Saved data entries
────────────────────────────────────────
definition Kmat_dual :: "'a::field \<Rightarrow> 'a \<Rightarrow> ('a \<Rightarrow> 'a) \<Rightarrow> nat \<Rightarrow> nat \<Rightarrow> nat \<Rightarrow> 'a tser" where
  "Kmat_dual q qh sr n a b = tmul (psi q qh sr n a b) (int b - int a - int n)
     (lpow_s Y (int b - int n - 1) (rpow_s X (1 - int a) (ser_neg_sq (DeltaT q (- int n)))))"

lemma Kmat_apply:
  assumes "1 \<le> a" "a \<le> n + 1" "1 \<le> b" "b \<le> n + 1" and "qfact q (n + 1 - b) \<noteq> 0"
  shows "Kmat q qh sr n a b k w = phi q qh sr n a b *
    (if k = int (length w) \<and> even (length w + n + b - a)
     then (-1) ^ ((length w + n + b - a) div 2 + (b - 1)) * qfact q n / qfact q (n + 1 - b)
       * path_weight q n (int (b - 1)) (int (n + 1 - a)) w * qfact q (n + 1 - a)
     else 0)"
proof -
  have deletions: "1 - int b = - int (b - 1)" "int a - int n - 1 = - int (n + 1 - a)"
    using assms by linarith+
  have "b - 1 \<le> n" "n + 1 - a \<le> n" "qfact q (n - (b - 1)) \<noteq> 0"
    using assms by (simp_all add: Suc_diff_le)
  note bordered = ser_neg_sq_Delta_bordered[OF this]
  have "n - (b - 1) = n + 1 - b" "b - 1 + length w + (n + 1 - a) = length w + n + b - a"
    using assms by simp_all
  moreover have "k - (int a - int b - int n) = int (length w + n + b - a)
      \<and> even (k - (int a - int b - int n))
    \<longleftrightarrow> k = int (length w) \<and> even (length w + n + b - a)"
    using assms by (auto simp: of_nat_diff)
  ultimately show ?thesis
    unfolding Kmat_def deletions tmul_lpow_s_rpow_s_deletion bordered by (simp only:)
qed

lemma Kmat_dual_apply:
  assumes "1 \<le> a" "a \<le> n + 1" "1 \<le> b" "b \<le> n + 1" and "qfact q (b - 1) \<noteq> 0"
  shows "Kmat_dual q qh sr n a b k w = psi q qh sr n a b *
    (if k = int (length w) \<and> even (length w + n + a - b)
     then (-1) ^ ((length w + n + a - b) div 2 + (n + 1 - b)) * qfact q n / qfact q (b - 1)
       * ((-1) ^ length w * path_weight q n (int (b - 1)) (int (n + 1 - a)) w) * qfact q (a - 1)
     else 0)"
proof -
  have deletions: "int b - int n - 1 = - int (n + 1 - b)" "1 - int a = - int (a - 1)"
    using assms by linarith+
  have "n + 1 - b \<le> n" "a - 1 \<le> n" "qfact q (n - (n + 1 - b)) \<noteq> 0"
    using assms by simp_all
  note bordered = ser_neg_sq_Delta_bordered[OF this]
  have "n - (n + 1 - b) = b - 1" "n + 1 - b + length w + (a - 1) = length w + n + a - b"
    using assms by simp_all
  moreover have "k - (int b - int a - int n) = int (length w + n + a - b)
      \<and> even (k - (int b - int a - int n))
    \<longleftrightarrow> k = int (length w) \<and> even (length w + n + a - b)"
    using assms by (auto simp: of_nat_diff)
  moreover have "path_weight q n (int (n + 1 - b)) (int (a - 1)) (map swap_letter w)
      = (-1) ^ length w * path_weight q n (int (b - 1)) (int (n + 1 - a)) w"
    using path_weight_swap[of q n "int (b - 1)" "int (n + 1 - a)" w] assms
    by (simp add: of_nat_diff algebra_simps)
  ultimately show ?thesis
    unfolding Kmat_dual_def deletions tmul_lpow_s_rpow_s_deletion ser_neg_sq_DeltaT
      map_append map_replicate swap_letter.simps bordered length_map by (simp only:)
qed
────────────────────────────────────────
**Your task:** Would you please repeat exactly the lines above, starting at the line with "a) = length" and stopping at the line with "using path_weight_swap[of q", both included?

**Task response:**
  have "n - (b - 1) = n + 1 - b" "b - 1 + length w + (n + 1 - a) = length w + n + b - a"
    using assms by simp_all
  moreover have "k - (int a - int b - int n) = int (length w + n + b - a)
      \<and> even (k - (int a - int b - int n))
    \<longleftrightarrow> k = int (length w) \<and> even (length w + n + b - a)"
    using assms by (auto simp: of_nat_diff)
  ultimately show ?thesis
    unfolding Kmat_def deletions tmul_lpow_s_rpow_s_deletion bordered by (simp only:)
qed

lemma Kmat_dual_apply:
  assumes "1 \<le> a" "a \<le> n + 1" "1 \<le> b" "b \<le> n + 1" and "qfact q (b - 1) \<noteq> 0"
  shows "Kmat_dual q qh sr n a b k w = psi q qh sr n a b *
    (if k = int (length w) \<and> even (length w + n + a - b)
     then (-1) ^ ((length w + n + a - b) div 2 + (n + 1 - b)) * qfact q n / qfact q (b - 1)
       * ((-1) ^ length w * path_weight q n (int (b - 1)) (int (n + 1 - a)) w) * qfact q (a - 1)
     else 0)"
proof -
  have deletions: "int b - int n - 1 = - int (n + 1 - b)" "1 - int a = - int (a - 1)"
    using assms by linarith+
  have "n + 1 - b \<le> n" "a - 1 \<le> n" "qfact q (n - (n + 1 - b)) \<noteq> 0"
    using assms by simp_all
  note bordered = ser_neg_sq_Delta_bordered[OF this]
  have "n - (n + 1 - b) = b - 1" "n + 1 - b + length w + (a - 1) = length w + n + a - b"
    using assms by simp_all
  moreover have "k - (int b - int a - int n) = int (length w + n + a - b)
      \<and> even (k - (int b - int a - int n))
    \<longleftrightarrow> k = int (length w) \<and> even (length w + n + a - b)"
    using assms by (auto simp: of_nat_diff)
  moreover have "path_weight q n (int (n + 1 - b)) (int (a - 1)) (map swap_letter w)
      = (-1) ^ length w * path_weight q n (int (b - 1)) (int (n + 1 - a)) w"
    using path_weight_swap[of q n "int (b - 1)" "int (n + 1 - a)" w] assms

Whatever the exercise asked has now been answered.